As mentioned before, different audio feature categories can be extracted from infant cry signals using the following domains: cepstral domain, prosodic domain, time domain, image domain, and wavelet domain [
7]. Each domain represents different aspects of the infant’s cry signal and they each present specific information and characteristics. Compared to the time domain features, which are more sensitive to the background noise, the cepstral domain features have been shown to be more robust in modelling characteristics and covering variations within infant crying signals [
7]. These frequency-domain features can be computed using different mathematical tools, including Mel-frequency cepstral coefficients (MFCCs), Linear Prediction Cepstral Coefficients (LPCCs), Bark Frequency Cepstral Coefficients (BFCCs), Gammatone Frequency Cepstral Coefficients (GFCCs), and Linear Frequency Cepstral Coefficients (LFCCs). Indeed, cepstral features have been widely used in the field of speech processing and recognition, and the most frequently used ones to identify infant pathologies are MFCCs, LPCCs, and LFCCs, which have shown better performance compared to time domain features. In particular, MFCCs are the most used and tested features to identify infant pathologies; for example, asphyxia in [
15,
16], and hypothyroidism in [
17], and achieved promising accuracies as presented above. Liu et al. also used MFCCs along with LPCCs and BFCCs and based on a NNs model to identify infant cry reasons and the results showed that BFCCs produced the best classification rate of 76.5% [
25]. Furthermore, the authors in [
26,
27], showed that LFCC performed better than MFCC in distinguishing high-frequency audio signals such as female voice and infant crying signals.
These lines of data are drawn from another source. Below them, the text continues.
subsection \<open>Exactness\<close>

lemma generated_by_cylinders_contains_cylinder:
  assumes "generate_topology_on (kg_cylinder L r s cmp d ` L) V" "x \<in> V" "x \<in> paths"
  shows "\<exists>m. \<forall>y\<in>paths. y 0 m = x 0 m \<longrightarrow> y \<in> V"
  using assms
proof (induction arbitrary: x rule: generate_topology_on.induct)
  case Empty
  then show ?case by simp
next
  case (Int a b)
  then have "x \<in> a" "x \<in> b" by auto
  obtain m1 where m1: "\<forall>y\<in>paths. y 0 m1 = x 0 m1 \<longrightarrow> y \<in> a"
    using Int.IH(1)[OF \<open>x \<in> a\<close> Int.prems(2)] by blast
  obtain m2 where m2: "\<forall>y\<in>paths. y 0 m2 = x 0 m2 \<longrightarrow> y \<in> b"
    using Int.IH(2)[OF \<open>x \<in> b\<close> Int.prems(2)] by blast
  have "y \<in> a \<inter> b" if "y \<in> paths" "y 0 (sup m1 m2) = x 0 (sup m1 m2)" for y
    using paths_agree_initial[OF that(1) Int.prems(2) that(2) sup_ge1]
      paths_agree_initial[OF that(1) Int.prems(2) that(2) sup_ge2] m1 m2 that(1) by blast
  then show ?case by blast
next
  case (UN K)
  then obtain k where "k \<in> K" "x \<in> k" by blast
  with UN.IH UN.prems(2) show ?case by blast
next
  case (Basis c)
  then obtain lam where "c = kg_cylinder L r s cmp d lam" by blast
  with Basis.prems have "x 0 (d lam) = lam" unfolding kg_cylinder_def by blast
  have "y \<in> c" if "y \<in> paths" "y 0 (d lam) = x 0 (d lam)" for y
  proof -
    have "y 0 (d lam) = lam" using that(2) \<open>x 0 (d lam) = lam\<close> by (rule trans)
    with that(1) \<open>c = kg_cylinder L r s cmp d lam\<close> show ?thesis by (simp add: kg_cylinder_def)
  qed
  then show ?case by (intro exI[of _ "d lam"]) blast
qed

lemma openin_kg_topology_contains_cylinder:
  assumes "openin (kg_topology L r s cmp d) U" "x \<in> U"
  obtains m where "\<forall>y\<in>paths. y 0 m = x 0 m \<longrightarrow> y \<in> U"
proof -
  obtain V where V: "generate_topology_on (kg_cylinder L r s cmp d ` L) V" "U = V \<inter> paths"
    using assms(1) unfolding kg_topology_def openin_subtopology openin_topology_generated_by_iff by blast
  then show thesis
    using generated_by_cylinders_contains_cylinder[OF V(1)] assms(2) that by blast
qed

lemma topspace_kg_topology: "topspace (kg_topology L r s cmp d) = paths"
proof -
  have "x \<in> kg_cylinder L r s cmp d (x 0 0)" "x 0 0 \<in> L" if "x \<in> paths" for x
    using that path_in[OF that] path_degree[OF that, of 0 0] by (auto simp: kg_cylinder_def)
  then have "paths \<subseteq> \<Union> (kg_cylinder L r s cmp d ` L)" by blast
  then show ?thesis unfolding kg_topology_def by auto
qed

lemma connecting_morphism:
  assumes "kg_source_free L r s d"
    and n0: "\<forall>v\<in>kg_vertices L r s. \<forall>w\<in>kg_vertices L r s. \<exists>lam\<in>L. d lam = n0 \<and> r lam = v \<and> s lam = w"
    and "n0 \<le> n" "v \<in> kg_vertices L r s" "w \<in> kg_vertices L r s"
  obtains lam where "lam \<in> L" "d lam = n" "r lam = v" "s lam = w"
proof -
  obtain \<alpha> where \<alpha>: "\<alpha> \<in> L" "r \<alpha> = v" "d \<alpha> = n - n0"
    using assms(1,4) unfolding kg_source_free_def by blast
  obtain \<beta> where \<beta>: "\<beta> \<in> L" "d \<beta> = n0" "r \<beta> = s \<alpha>" "s \<beta> = w"
    using n0 source_vertex[OF \<alpha>(1)] assms(5) by blast
  have "n - n0 + n0 = n" using assms(3) by (simp add: fun_eq_iff le_fun_def)
  with \<alpha> \<beta> show thesis
    using that[of "cmp \<alpha> \<beta>"] comp_in comp_degree comp_range comp_source by simp
qed

lemma kg_shift_preimage_in_cylinder:
  assumes x: "x \<in> paths" and y: "y \<in> paths" and \<alpha>: "\<alpha> \<in> L" "r \<alpha> = x m m" "s \<alpha> = y 0 0"
  shows "\<exists>z\<in>paths. z 0 m = x 0 m \<and> kg_shift (m + d \<alpha>) z = y"
proof -
  have "0 \<le> m" by (simp add: le_fun_def)
  have \<mu>: "x 0 m \<in> L" "s (x 0 m) = r \<alpha>" "d (x 0 m) = m"
    using path_in[OF x \<open>0 \<le> m\<close>] path_source[OF x \<open>0 \<le> m\<close>] path_degree[OF x \<open>0 \<le> m\<close>] \<alpha>(2)
    by simp_all
  define lam where "lam = cmp (x 0 m) \<alpha>"
  have lam: "lam \<in> L" "s lam = y 0 0" "d lam = m + d \<alpha>"
    unfolding lam_def using comp_in[OF \<mu>(1) \<alpha>(1) \<mu>(2)] comp_source[OF \<mu>(1) \<alpha>(1) \<mu>(2)]
      comp_degree[OF \<mu>(1) \<alpha>(1) \<mu>(2)] \<mu>(3) \<alpha>(3) by simp_all
  define z where "z = prepend lam y"
  have z: "z \<in> paths" "z 0 (d lam) = lam"
    unfolding z_def using prepend_path[OF lam(1) y lam(2)] prepend_initial[OF lam(1) y lam(2)] .
  have "m \<le> d lam" using lam(3) by (simp add: le_fun_def)
  have "z 0 m = segment lam 0 m" using path_segment[OF z(1) \<open>0 \<le> m\<close> \<open>m \<le> d lam\<close>] z(2) by simp
  also have "\<dots> = segment (x 0 m) 0 m"
    unfolding lam_def using segment_comp_left[OF \<mu>(1) \<alpha>(1) \<mu>(2) \<open>0 \<le> m\<close>] \<mu>(3) by simp
  also have "\<dots> = x 0 m" using segment_whole[OF \<mu>(1)] \<mu>(3) by simp
  finally have "z 0 m = x 0 m" .
  moreover have "kg_shift (d lam) z = y"
  proof (intro ext)
    fix a b
    show "kg_shift (d lam) z a b = y a b"
      using prepend_shift[OF lam(1) y lam(2), of a b] path_undefined[OF y, of a b]
      by (cases "a \<le> b") (simp_all add: kg_shift_def z_def)
  qed
  ultimately show ?thesis using z(1) unfolding lam(3) by blast
qed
On the other hand, GFCCs have been shown to be powerful descriptors in non-speech recognition tasks, such as emotion recognition [
28,
29], understanding the reason behind the crying of infants [
30], and automatic speech recognition [
31]. There is one recent study where authors employed Gammatone Cepstral Coefficients (GTCCs) that are based on the time-representation of the signal for identifying infants suffering from Hypoxic Ischemic Encephalopathy (HIE) based on their cry signal [
32]. It is noteworthy to highlight that our study employs the frequency-representation by extracting GFCCs since they have proved successful in audio recognition tasks [
33].
Prosodic domain features, which include high-level information such as formants, intensity, duration, harmonicity, and unvoiced regions, also contribute in improving the discriminative ability between the crying signals and thus identifying the type of the infant cry signal; an example of this is the identification of asphyxia in [
14]. It has been shown that attaching these features together with frequency domain features contributes to extracting both physiological and physical information from acoustic signals [
7]. Furthermore, image domain features, such as the spectrogram which is a time-frequency image representation of an audio signal and includes both acoustic and prosodic information, can be used to distinguish between healthy and unhealthy infant cries. It has been widely shown that feeding spectrograms into machine learning algorithms also plays an important role in enhancing the classification of different infant crying signals [
34,
35,
36,
37]. It is, therefore, obvious that each domain contributes to the classification of infant crying signals, and thus the mechanism of generating a combined feature set that takes advantage of different domains deserves to be considered and investigated.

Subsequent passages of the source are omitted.